Dans un contexte où la santé mentale des jeunes est devenue une priorité nationale, la ministre de la Santé, Stéphanie Rist, a annoncé ce mardi 2 juin 2026 des mesures significatives pour faciliter l’accès aux soins psychologiques. Lors d’une interview sur franceinfo, elle a détaillé un dispositif qui permettra aux jeunes repérés par l’Éducation nationale de bénéficier d’un rendez-vous rapide avec un professionnel de santé.
EN BREF
- Les jeunes repérés par l’Éducation nationale auront un rendez-vous sous 48 heures.
- Les professionnels de santé devront s’organiser pour répondre à cette demande urgente.
- La ministre vise une cessation des pratiques de contention en psychiatrie d’ici 2030.
Ce dispositif, qui sera mis en place grâce à une collaboration entre les médecins scolaires, les infirmières et les enseignants, vise à détecter précocement les troubles psychiques chez les jeunes. Chaque élève identifié comme présentant des signes de détresse mentale pourra ainsi obtenir un rendez-vous « coupe-file » avec un psychiatre ou un psychologue, dans un délai maximum de 48 heures.
Stéphanie Rist a précisé que cette initiative s’inscrit dans le cadre de la grande cause nationale pour 2025-2026, consacrée à la santé mentale. La ministre a insisté sur l’importance de cette approche préventive, affirmant que « quand on repère des troubles psychiatriques plus tôt, on évite des hospitalisations ». Ce changement de paradigme souligne la nécessité d’une intervention rapide afin de soutenir les jeunes en difficulté.
Pour soutenir cette mesure, les professionnels de santé seront incités à libérer des créneaux dans leur emploi du temps pour répondre à ces urgences. L’organisation entre les différents acteurs de la santé permettra de garantir que les jeunes puissent être pris en charge rapidement, évitant ainsi que des problèmes mineurs ne deviennent des crises plus graves.

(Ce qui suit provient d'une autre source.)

(*
  A word w is reduced iff it never reads a letter a right after a prefix \<alpha> b v such that
  a \<prec>\<^sub>\<alpha> b and a is independent of every letter of b v: otherwise \<alpha> a b v is an
  equivalent smaller word.  Conversely, if u is equivalent to w and smaller, then at their first
  difference u reads a and w reads b with a \<prec>\<^sub>\<alpha> b, and projecting both words onto the
  component of a shows that this occurrence of a was moved in w to the right over letters
  independent of it.

  The set of letters blocked after w c is determined by the set blocked after w, the letter c
  and the order \<prec>\<^sub>w, which the deterministic VPA defining \<prec> reads off its state.  The
  product of that VPA with the finite powerset of the alphabet, without transitions on blocked
  letters, therefore accepts exactly the reduced words.
*)

section \<open>Runs of visibly pushdown automata\<close>

lemma vpa_reach_Nil_iff: "vpa_reach S A c [] c' \<longleftrightarrow> c' = c"
  by (auto elim: vpa_reach.cases intro: vpa_reach.intros)

lemma vpa_reach_Cons_iff:
  "vpa_reach S A c (a # w) c'' \<longleftrightarrow> (\<exists>c'. vpa_step S A c a c' \<and> vpa_reach S A c' w c'')"
  by (blast elim: vpa_reach.cases intro: vpa_reach.intros)

lemma vpa_reach_append_iff:
  "vpa_reach S A c (u @ v) c'' \<longleftrightarrow> (\<exists>c'. vpa_reach S A c u c' \<and> vpa_reach S A c' v c'')"
  by (induction u arbitrary: c) (auto simp: vpa_reach_Nil_iff vpa_reach_Cons_iff)

lemma vpa_reach_snoc_iff:
  "vpa_reach S A c (w @ [a]) c'' \<longleftrightarrow> (\<exists>c'. vpa_reach S A c w c' \<and> vpa_step S A c' a c'')"
  unfolding vpa_reach_append_iff vpa_reach_Cons_iff vpa_reach_Nil_iff by blast

lemma vpa_step_preserves_wf_config:
  assumes "wf_vpa S A" "vpa_step S A c a c'" "fst c \<in> states A" "set (snd c) \<subseteq> stk A"
  shows "fst c' \<in> states A \<and> set (snd c') \<subseteq> stk A"
  using assms(2) by cases (use assms in \<open>auto simp: wf_vpa_def\<close>)

lemma vpa_reach_preserves_wf_config:
  assumes "wf_vpa S A" "vpa_reach S A c w c'" "fst c \<in> states A" "set (snd c) \<subseteq> stk A"
  shows "fst c' \<in> states A \<and> set (snd c') \<subseteq> stk A"
  using assms(2-) by induction (auto dest: vpa_step_preserves_wf_config[OF assms(1)])

lemma complete_vpa_step_exists:
  assumes "wf_vpa S A" "complete_vpa S A" "p \<in> states A" "set s \<subseteq> stk A" "a \<in> letters S"
  shows "\<exists>c'. vpa_step S A (p, s) a c'"
proof -
  consider "a \<in> calls S" | "a \<in> rets S" | "a \<in> ints S"
    using assms(5) unfolding letters_def by blast
  then show ?thesis
  proof cases
    case 1
    then show ?thesis using assms(2,3) unfolding complete_vpa_def by (blast intro: vpa_step.call)
  next
    case 2
    have "bot A \<in> stk A" using assms(1) unfolding wf_vpa_def by blast
    show ?thesis
    proof (cases s)
      case Nil
      then show ?thesis using 2 \<open>bot A \<in> stk A\<close> assms(2,3) unfolding complete_vpa_def
        by (blast intro: vpa_step.ret_bot)
    next
      case (Cons g s\<^sub>0)
      with assms(4) have "g \<in> stk A" by simp
      then show ?thesis using Cons 2 assms(2,3) unfolding complete_vpa_def
        by (blast intro: vpa_step.ret)
    qed
  next
    case 3
    then show ?thesis using assms(2,3) unfolding complete_vpa_def by (blast intro: vpa_step.int)
  qed
qed

lemma complete_vpa_reach_exists:
  assumes "wf_vpa S A" "complete_vpa S A" "w \<in> lists (letters S)" "p \<in> states A" "set s \<subseteq> stk A"
  shows "\<exists>c'. vpa_reach S A (p, s) w c'"
  using assms(3-5)
proof (induction w arbitrary: p s)
  case Nil
  then show ?case by (blast intro: vpa_reach.nil)
next
  case (Cons a w)
  obtain q s' where step: "vpa_step S A (p, s) a (q, s')"
    using complete_vpa_step_exists[OF assms(1,2) Cons.prems Cons.hyps(1)] by force
  then have "q \<in> states A" "set s' \<subseteq> stk A"
    using vpa_step_preserves_wf_config[OF assms(1)] Cons.prems by fastforce+
  then show ?case using Cons.IH step by (blast intro: vpa_reach.cons)
qed
(* Let $\mathbb{k}$ be a field of characteristic $0$ containing a primitive $n$-th root of unity $\omega$, let $H=T_{n^2}(\omega)$ be the Taft Hopf algebra, and let $A=\mathbb{k}[z]/(z^n-\omega)$ with $u$ the image of $z$. Let $a_i=(\omega-1)^i\omega^{i(i+1)/2}$ and let $\rho:A\to H\otimes A$ be the algebra homomorphism determined by $\rho(u)=\sum_{i=0}^{n-1}a_i\,x^ig^{-(i+1)}\otimes u^{i+1}$. Then $A$ is an $H$-comodule algebra via $\rho$, i.e. $(\mathrm{id}\otimes\rho)\rho=(\Delta\otimes\mathrm{id})\rho$.
   Context: The Taft Hopf algebra is $H=T_{n^2}(\omega)=\mathbb{k}\langle x,g\mid x^n=0,\ g^n=1,\ xg=\omega gx\rangle$ with $\Delta(g)=g\otimes g$, $\Delta(x)=x\otimes 1+g\otimes x$, $\epsilon(g)=1$, $\epsilon(x)=0$, $S(g)=g^{-1}$, $S(x)=-g^{-1}x$. The assignment $u\mapsto\rho(u)$ extends to an algebra homomorphism since $\rho(u)^n=\omega(1\otimes1)$. *)

theory Defs
  imports Main
begin

text \<open>Vectors over a field with respect to a fixed finite basis indexed by 'b are
  represented by coefficient functions 'b \<Rightarrow> 'k (only values on the basis matter).
  A finite-dimensional algebra is given by its basis set and the product of basis
  elements, m p q = (c, r) meaning  e_p * e_q = c * e_r.\<close>

definition vmul :: "'b set \<Rightarrow> ('b \<Rightarrow> 'b \<Rightarrow> 'k \<times> 'b) \<Rightarrow> ('b \<Rightarrow> 'k::field) \<Rightarrow> ('b \<Rightarrow> 'k) \<Rightarrow> ('b \<Rightarrow> 'k)" where
  "vmul B m v w = (\<lambda>b. \<Sum>p\<in>B. \<Sum>q\<in>B. if snd (m p q) = b then v p * w q * fst (m p q) else 0)"

definition vunit :: "'b \<Rightarrow> ('b \<Rightarrow> 'k::field)" where
  "vunit e = (\<lambda>b. if b = e then 1 else 0)"

definition vpow :: "'b set \<Rightarrow> ('b \<Rightarrow> 'b \<Rightarrow> 'k \<times> 'b) \<Rightarrow> 'b \<Rightarrow> ('b \<Rightarrow> 'k::field) \<Rightarrow> nat \<Rightarrow> ('b \<Rightarrow> 'k)" where
  "vpow B m e v k = (vmul B m v ^^ k) (vunit e)"

definition lin :: "'b set \<Rightarrow> ('b \<Rightarrow> ('c \<Rightarrow> 'k::field)) \<Rightarrow> ('b \<Rightarrow> 'k) \<Rightarrow> ('c \<Rightarrow> 'k)" where
  "lin B f v = (\<lambda>c. \<Sum>p\<in>B. v p * f p c)"

definition vtensor :: "('b \<Rightarrow> 'k::field) \<Rightarrow> ('c \<Rightarrow> 'k) \<Rightarrow> ('b \<times> 'c \<Rightarrow> 'k)" where
  "vtensor v w = (\<lambda>(p, q). v p * w q)"

definition tensor_bm :: "('b \<Rightarrow> 'b \<Rightarrow> 'k \<times> 'b) \<Rightarrow> ('c \<Rightarrow> 'c \<Rightarrow> 'k \<times> 'c)
    \<Rightarrow> ('b \<times> 'c) \<Rightarrow> ('b \<times> 'c) \<Rightarrow> ('k::field) \<times> ('b \<times> 'c)" where
  "tensor_bm m1 m2 = (\<lambda>(p1, p2) (q1, q2).
      (fst (m1 p1 q1) * fst (m2 p2 q2), (snd (m1 p1 q1), snd (m2 p2 q2))))"

text \<open>PBW basis x^i g^j, 0 \<le> i, j < n, indexed by (i, j). From x g = \<omega> g x one gets
  g^j x^k = \<omega>^(-jk) x^k g^j, hence
  (x^i g^j)(x^k g^l) = \<omega>^(-jk) x^(i+k) g^((j+l) mod n), which is 0 if i+k \<ge> n.\<close>
definition taft_basis :: "nat \<Rightarrow> (nat \<times> nat) set" where
  "taft_basis n = {0..<n} \<times> {0..<n}"

definition taft_bm :: "nat \<Rightarrow> 'k::field \<Rightarrow> nat \<times> nat \<Rightarrow> nat \<times> nat \<Rightarrow> 'k \<times> (nat \<times> nat)" where
  "taft_bm n \<omega> = (\<lambda>(i, j) (k, l).
      if i + k < n then ((inverse \<omega>) ^ (j * k), (i + k, (j + l) mod n)) else (0, (0, 0)))"

definition taft_x :: "nat \<times> nat \<Rightarrow> 'k::field" where "taft_x = vunit (1, 0)"
definition taft_g :: "nat \<times> nat \<Rightarrow> 'k::field" where "taft_g = vunit (0, 1)"

text \<open>g^{-1} = g^{n-1} since g^n = 1.\<close>
definition taft_ginv :: "nat \<Rightarrow> 'k::field \<Rightarrow> nat \<times> nat \<Rightarrow> 'k" where
  "taft_ginv n \<omega> = vpow (taft_basis n) (taft_bm n \<omega>) (0, 0) taft_g (n - 1)"

definition HH_basis :: "nat \<Rightarrow> ((nat \<times> nat) \<times> (nat \<times> nat)) set" where
  "HH_basis n = taft_basis n \<times> taft_basis n"
definition HH_bm :: "nat \<Rightarrow> 'k::field \<Rightarrow> _" where
  "HH_bm n \<omega> = tensor_bm (taft_bm n \<omega>) (taft_bm n \<omega>)"

text \<open>Comultiplication: the algebra map with \<Delta>(g) = g \<otimes> g, \<Delta>(x) = x \<otimes> 1 + g \<otimes> x;
  on basis elements \<Delta>(x^i g^j) = \<Delta>(x)^i \<Delta>(g)^j.\<close>
definition taft_Delta_x :: "(nat \<times> nat) \<times> (nat \<times> nat) \<Rightarrow> 'k::field" where
  "taft_Delta_x = (\<lambda>b. vtensor taft_x (vunit (0, 0)) b + vtensor taft_g taft_x b)"
definition taft_Delta_g :: "(nat \<times> nat) \<times> (nat \<times> nat) \<Rightarrow> 'k::field" where
  "taft_Delta_g = vtensor taft_g taft_g"

definition taft_Delta_basis :: "nat \<Rightarrow> 'k::field \<Rightarrow> nat \<times> nat \<Rightarrow> (nat \<times> nat) \<times> (nat \<times> nat) \<Rightarrow> 'k" where
  "taft_Delta_basis n \<omega> = (\<lambda>(i, j). vmul (HH_basis n) (HH_bm n \<omega>)
      (vpow (HH_basis n) (HH_bm n \<omega>) ((0, 0), (0, 0)) taft_Delta_x i)
      (vpow (HH_basis n) (HH_bm n \<omega>) ((0, 0), (0, 0)) taft_Delta_g j))"

section \<open>A = k[z]/(z^n - \<omega>), basis u^k, 0 \<le> k < n\<close>

definition A_basis :: "nat \<Rightarrow> nat set" where "A_basis n = {0..<n}"
definition A_bm :: "nat \<Rightarrow> 'k::field \<Rightarrow> nat \<Rightarrow> nat \<Rightarrow> 'k \<times> nat" where
  "A_bm n \<omega> = (\<lambda>k l. (if k + l < n then 1 else \<omega>, (k + l) mod n))"
definition A_u :: "nat \<Rightarrow> 'k::field" where "A_u = vunit 1"

definition HA_basis :: "nat \<Rightarrow> ((nat \<times> nat) \<times> nat) set" where
  "HA_basis n = taft_basis n \<times> A_basis n"
definition HA_bm :: "nat \<Rightarrow> 'k::field \<Rightarrow> _" where
  "HA_bm n \<omega> = tensor_bm (taft_bm n \<omega>) (A_bm n \<omega>)"
theorem proposition3p5:
  fixes \<alpha> \<beta> p :: real
  assumes "-1 \<le> \<alpha>" "\<alpha> \<le> 1" "-1 \<le> \<beta>" "\<beta> \<le> 1" "1 \<le> p"
  shows "(D_z p (rho \<alpha>) (rho \<beta>)) powr p
           = 2 powr (p - 1) * (1 - sqrt (1 - max (\<alpha>\<^sup>2) (\<beta>\<^sup>2)))"
proof -
  let ?V = "2 powr (p - 1) * (1 - sqrt (1 - max (\<alpha>\<^sup>2) (\<beta>\<^sup>2)))"
  have "\<bar>\<alpha>\<bar> \<le> 1" "\<bar>\<beta>\<bar> \<le> 1"
    using assms(1-4) by simp_all
  then obtain P where P: "P \<in> couplings (rho \<alpha>) (rho \<beta>)" "cost P (C_z p) = ?V"
    using exists_optimal_coupling_rho by blast
  have "Inf ((\<lambda>P. cost P (C_z p)) ` couplings (rho \<alpha>) (rho \<beta>)) = ?V"
    using P cost_C_z_lower_bound_rho by (intro cInf_eq_minimum) force+
  then show ?thesis
    using D_z_powr_eq_Inf_cost[of p "rho \<alpha>" "rho \<beta>"] P(1) assms(5) by auto
qed

end
lemma irreducible_pow_entry_pos:
  assumes X: "X \<in> carrier_mat n n" and "nonneg_mat X" "irreducible_mat X" and ij: "i < n" "j < n"
  shows "\<exists>k. 0 < (X ^\<^sub>m k) $$ (i, j)"
proof -
  have edge: "0 < X $$ (a, b)" if "(a, b) \<in> {(a, b). a < n \<and> b < n \<and> X $$ (a, b) \<noteq> 0}" for a b
    using that nonneg_matD[OF assms(2,1)] by fastforce
  have "(i, j) \<in> {(a, b). a < n \<and> b < n \<and> X $$ (a, b) \<noteq> 0}\<^sup>+"
    using assms unfolding irreducible_mat_def by auto
  then show ?thesis
  proof (induct rule: trancl_induct)
    case (base b)
    then show ?case using edge[OF base] X by (intro exI[of _ 1]) simp
  next
    case (step b c)
    then obtain k where k: "0 < (X ^\<^sub>m k) $$ (i, b)" by blast
    have bc: "b < n" "c < n" using step(2) by auto
    have "0 < (X ^\<^sub>m k) $$ (i, b) * X $$ (b, c)" using k edge[OF step(2)] by simp
    also have "\<dots> \<le> (X ^\<^sub>m k * X) $$ (i, c)"
      by (rule mult_mat_entry_ge[of _ n n]) (use assms bc in \<open>auto intro: nonneg_mat_pow\<close>)
    also have "\<dots> = (X ^\<^sub>m Suc k) $$ (i, c)" by simp
    finally show ?case by blast
  qed
qed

En parallèle, la ministre a également abordé la question des pratiques de contention dans les établissements psychiatriques. Elle a affirmé vouloir mettre fin à ces méthodes d’ici 2030, engageant ainsi une réflexion sur la dignité humaine au sein des soins psychiatriques. « La contention peut entraîner des troubles mentaux encore plus forts », a-t-elle déclaré, soulignant les effets négatifs de ces pratiques sur les patients.
Cette annonce marque une étape importante dans la transformation du paysage de la santé mentale en France, avec une volonté manifeste de prioriser le bien-être des jeunes. Le rendez-vous interministériel prévu à 14 heures ce jour-là devrait permettre d’approfondir ces propositions et de définir les modalités de leur mise en œuvre.
Alors que la santé mentale devient une préoccupation croissante dans notre société, ces mesures pourraient représenter un tournant dans la manière dont les jeunes sont soutenus et pris en charge face à leurs difficultés psychologiques. Les années à venir seront déterminantes pour évaluer l’impact de ces initiatives sur le long terme.